How do you solve Alternating Digit Sum on LeetCode?

Alternating Digit Sum (LeetCode #2544) can be solved using Brute Force or Optimal Solution. The optimal approach is Optimal Solution with O(n) time complexity and O(1) space complexity. Key insight: Understanding how to manipulate digits directly can lead to more efficient solutions.

What is the brute force solution for Alternating Digit Sum?

The brute force approach for Alternating Digit Sum is Brute Force, with O(n) time complexity and O(1) space complexity. The brute-force approach involves converting the number into a string to easily access each digit. We then iterate through the digits, applying the alternating sign based on the position of each digit. The optimal Optimal Solution approach improves this to O(n).
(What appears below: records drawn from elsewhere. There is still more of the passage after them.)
lemma measurable_continuous_process_at_random_time:
  fixes X :: "'w \<Rightarrow> real \<Rightarrow> real" and \<tau> :: "'x \<Rightarrow> real"
  assumes X: "\<And>t. t \<in> {0..1} \<Longrightarrow> (\<lambda>w. X w t) \<in> borel_measurable M"
    and cont: "\<And>w. w \<in> space M \<Longrightarrow> continuous_on {0..1} (X w)"
    and \<tau>: "\<tau> \<in> borel_measurable N" "\<And>x. x \<in> space N \<Longrightarrow> \<tau> x \<in> {0..1}"
  shows "(\<lambda>(x, w). X w (\<tau> x)) \<in> borel_measurable (N \<Otimes>\<^sub>M M)"
proof -
  \<comment> \<open>for fixed n the grid point takes finitely many values, at each of which X is measurable\<close>
  let ?grid = "\<lambda>n t. \<lfloor>real (Suc n) * t\<rfloor> / real (Suc n)"
  have "(\<lambda>p. X (snd p) (?grid n (\<tau> (fst p)))) \<in> borel_measurable (N \<Otimes>\<^sub>M M)" for n
  proof -
    have index: "(\<lambda>p. \<lfloor>real (Suc n) * \<tau> (fst p)\<rfloor>) \<in> N \<Otimes>\<^sub>M M \<rightarrow>\<^sub>M count_space {0..int (Suc n)}"
    proof (rule measurable_count_space_extend[OF subset_UNIV])
      show "(\<lambda>p. \<lfloor>real (Suc n) * \<tau> (fst p)\<rfloor>) \<in> space (N \<Otimes>\<^sub>M M) \<rightarrow> {0..int (Suc n)}"
        using \<tau>(2) floor_grid_index_in_range by (auto simp: space_pair_measure)
      show "(\<lambda>p. \<lfloor>real (Suc n) * \<tau> (fst p)\<rfloor>) \<in> N \<Otimes>\<^sub>M M \<rightarrow>\<^sub>M count_space UNIV"
        using \<tau>(1) by measurable
    qed
    have at_grid_point: "(\<lambda>p. X (snd p) (i / real (Suc n))) \<in> borel_measurable (N \<Otimes>\<^sub>M M)"
      if "i \<in> {0..int (Suc n)}" for i
      using that by (intro measurable_compose[OF measurable_snd X]) (auto simp: field_simps)
    show ?thesis
      using measurable_compose_countable'[OF at_grid_point index] by simp
  qed
  moreover have "(\<lambda>n. X (snd p) (?grid n (\<tau> (fst p)))) \<longlonglongrightarrow> X (snd p) (\<tau> (fst p))"
    if "p \<in> space (N \<Otimes>\<^sub>M M)" for p
  proof -
    have "\<tau> (fst p) \<in> {0..1}" "snd p \<in> space M"
      using that \<tau>(2) by (auto simp: space_pair_measure)
    moreover have "?grid n (\<tau> (fst p)) \<in> {0..1}" for n
      using floor_grid_index_in_range[OF \<open>\<tau> (fst p) \<in> {0..1}\<close>, of n] by (auto simp: field_simps)
    ultimately show ?thesis
      using continuous_on_tendsto_compose[OF cont floor_grid_tendsto] by auto
  qed
  ultimately show ?thesis
    unfolding case_prod_beta' by (rule borel_measurable_LIMSEQ_real[rotated])
qed

lemma measurable_reg_mean_process:
  assumes X: "\<And>t. t \<in> {0..1} \<Longrightarrow> (\<lambda>w. X w t) \<in> borel_measurable M"
    and cont: "\<And>w. w \<in> space M \<Longrightarrow> continuous_on {0..1} (X w)"
  shows "(\<lambda>q. reg_mean (fst q) (X (snd q))) \<in> borel_measurable (Theta_M \<Otimes>\<^sub>M M)"
proof -
  have [measurable]: "(\<lambda>q. X (snd q) (theta_t j (fst q))) \<in> borel_measurable (Theta_M \<Otimes>\<^sub>M M)" for j
    using measurable_continuous_process_at_random_time[OF X cont measurable_theta_t theta_t_in_unit_interval]
    by (simp add: case_prod_beta')
  have "(\<lambda>q. theta_alpha (fst q) + (\<Sum>j<theta_p (fst q). theta_beta j (fst q) * X (snd q) (theta_t j (fst q))))
      \<in> borel_measurable (Theta_M \<Otimes>\<^sub>M M)"
    by (rule measurable_compose_countable[where g = "\<lambda>q. theta_p (fst q)"
          and f = "\<lambda>p q. theta_alpha (fst q) + (\<Sum>j<p. theta_beta j (fst q) * X (snd q) (theta_t j (fst q)))"];
        measurable)
  then show ?thesis
    by (rule measurable_cong[THEN iffD1, rotated])
       (auto simp: space_pair_measure reg_mean_eq_coordinates)
qed

theorem proposition3:
  fixes M :: "'w measure" and X :: "'w \<Rightarrow> real \<Rightarrow> real"
  assumes "prob_space M"
    and "\<And>t. t \<in> {0..1} \<Longrightarrow> (\<lambda>w. X w t) \<in> borel_measurable M"
    and "\<And>t. t \<in> {0..1} \<Longrightarrow> integrable M (\<lambda>w. (X w t)^2)"
    and "\<And>t. t \<in> {0..1} \<Longrightarrow> (\<integral>w. X w t \<partial>M) = 0"
    and "X \<in> M \<rightarrow>\<^sub>M L2M"
    and "\<And>w. w \<in> space M \<Longrightarrow> continuous_on {0..1} (X w)"
    and "A \<in> sets (L2M \<Otimes>\<^sub>M borel)"
  shows "(\<lambda>th. emeasure (P_theta M X th) A) \<in> borel_measurable Theta_M"
proof -
  interpret prob_space M by fact
  note [measurable] = assms(5)
  have gauss: "(\<lambda>(th, w). gauss (reg_mean th (X w)) (theta_s2 th))
      \<in> Theta_M \<Otimes>\<^sub>M M \<rightarrow>\<^sub>M subprob_algebra borel"
    unfolding case_prod_beta'
  proof (rule measurable_gauss)
    show "(\<lambda>q. reg_mean (fst q) (X (snd q))) \<in> borel_measurable (Theta_M \<Otimes>\<^sub>M M)"
      using assms(2,6) by (rule measurable_reg_mean_process)
    show "(\<lambda>q. theta_s2 (fst q)) \<in> borel_measurable (Theta_M \<Otimes>\<^sub>M M)"
      by (rule measurable_compose[OF measurable_fst measurable_theta_s2])
  qed (auto simp: space_pair_measure ThetaSet_def theta_s2_def)
  have "(\<lambda>(th, w). distr (gauss (reg_mean th (X w)) (theta_s2 th)) (L2M \<Otimes>\<^sub>M borel) (\<lambda>y. (X w, y)))
      \<in> Theta_M \<Otimes>\<^sub>M M \<rightarrow>\<^sub>M subprob_algebra (L2M \<Otimes>\<^sub>M borel)"
    unfolding case_prod_beta'
  proof (rule measurable_distr2[OF _ gauss[unfolded case_prod_beta']])
    show "(\<lambda>(q, y). (X (snd q), y)) \<in> (Theta_M \<Otimes>\<^sub>M M) \<Otimes>\<^sub>M borel \<rightarrow>\<^sub>M L2M \<Otimes>\<^sub>M borel"
      by measurable
  qed
  then have "P_theta M X \<in> Theta_M \<rightarrow>\<^sub>M subprob_algebra (L2M \<Otimes>\<^sub>M borel)"
    unfolding P_theta_def by (intro measurable_bind'[OF measurable_const[OF M_in_subprob]])
  then show ?thesis
    using assms(7) by measurable
qed

end
(* Let $p$ be a prime, $q$ a power of $p$, and $m_0 \in \mathbb{N}$. Assume that for every $k \in \mathbb{N}$ and all $d_1,\dots,d_{m_0} \in \mathbb{N}$, the set $B(p^k; d_1,\dots,d_{m_0}; 1,\dots,1)$ is an $\overline{\mathbb{F}_p}(t)$-DML set over split torus. Let $c_1,\dots,c_{m_0+1} \in \mathbb{N}$. If $B(q; c_1,\dots,c_{m_0+1}; 1,\dots,1)$ is an $\overline{\mathbb{F}_p}(t)$-DML set over split torus, then $B(q; c_1,\dots,c_{m_0}, q c_{m_0+1}; 1,\dots,1)$ is also an $\overline{\mathbb{F}_p}(t)$-DML set over split torus.
   Context: For a power $q$ of $p$, $m \in \mathbb{N}$ and $c_1,\dots,c_m \in \mathbb{N}$, $B(q; c_1,\dots,c_m; 1,\dots,1) = \{ \sum_{j=1}^m c_j q^{n_j} : n_1,\dots,n_m \in \mathbb{N}_0\}$. For a field $K$ and a quasi-projective variety $X$ over $K$, a set $S \subseteq \mathbb{N}_0$ is a $K$-DML set over $X$ if there exist an endomorphism $\Phi$ of $X$ (a morphism $X \to X$ defined over $K$), a point $\alpha \in X(K)$ and a closed subvariety $V \subseteq X$ defined over $K$ (not necessarily irreducible) such that $S = \{ n \in \mathbb{N}_0 : \Phi^n(\alpha) \in V(K)\}$. $S$ is a $K$-DML set over split torus if it is a $K$-DML set over $\mathbb{G}_m^k$ for some $k \in \mathbb{N}$. *)

theory Defs
  imports "HOL-Computational_Algebra.Computational_Algebra"
          "HOL-Computational_Algebra.Fraction_Field"
          "HOL-Library.Poly_Mapping"
begin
What algorithm or data structure is used to solve Alternating Digit Sum?

Alternating Digit Sum uses the following concepts: Math. The recommended patterns to study are: Math, Array.

What are the interview tips for Alternating Digit Sum?

Always clarify the problem statement and constraints before jumping into coding. Think about edge cases, such as the smallest and largest possible values for n. Explain your thought process while coding to demonstrate your understanding.

What are common mistakes when solving Alternating Digit Sum?

Confusing the order of operations when applying signs. Not handling single-digit numbers correctly.

#2544

Alternating Digit Sum

Easy

MathMathArray

LeetCode ↗

Approaches

Brute ForceOptimal

Complexity Comparison

	Brute Force	Optimal Solution★
Time	O(n)	O(n)
Space	O(1)	O(1)

💡

Intuition

Time O(n)Space O(1)

The optimal solution leverages the same logic as the brute force but avoids the overhead of string manipulation. Instead, we directly work with the number by extracting digits using modulus and division.

⚙️

Algorithm

6 steps

1Step 1: Initialize total_sum to 0 and sign to 1.
2Step 2: While n is greater than 0, extract the last digit using n % 10.
3Step 3: Add the digit multiplied by sign to total_sum.
4Step 4: Alternate the sign by multiplying by -1.
5Step 5: Remove the last digit from n by performing integer division n //= 10.
6Step 6: Return total_sum after processing all digits.

solution.py11 lines

1# Full working Python code
2
3def alternating_digit_sum(n):
4    total_sum = 0
5    sign = 1
6    while n > 0:
7        digit = n % 10
8        total_sum += sign * digit
9        sign *= -1  # Alternate sign
10        n //= 10  # Remove last digit
11    return total_sum

ℹ

Complexity note: The time complexity remains O(n) as we still process each digit once. The space complexity is O(1) since we only use a fixed number of variables.

1Understanding how to manipulate digits directly can lead to more efficient solutions.
2Recognizing patterns in alternating sums can simplify the implementation.

Solutions and explanations are original Tejav content. Problem titles © LeetCode — use the LeetCode button above for the full problem statement.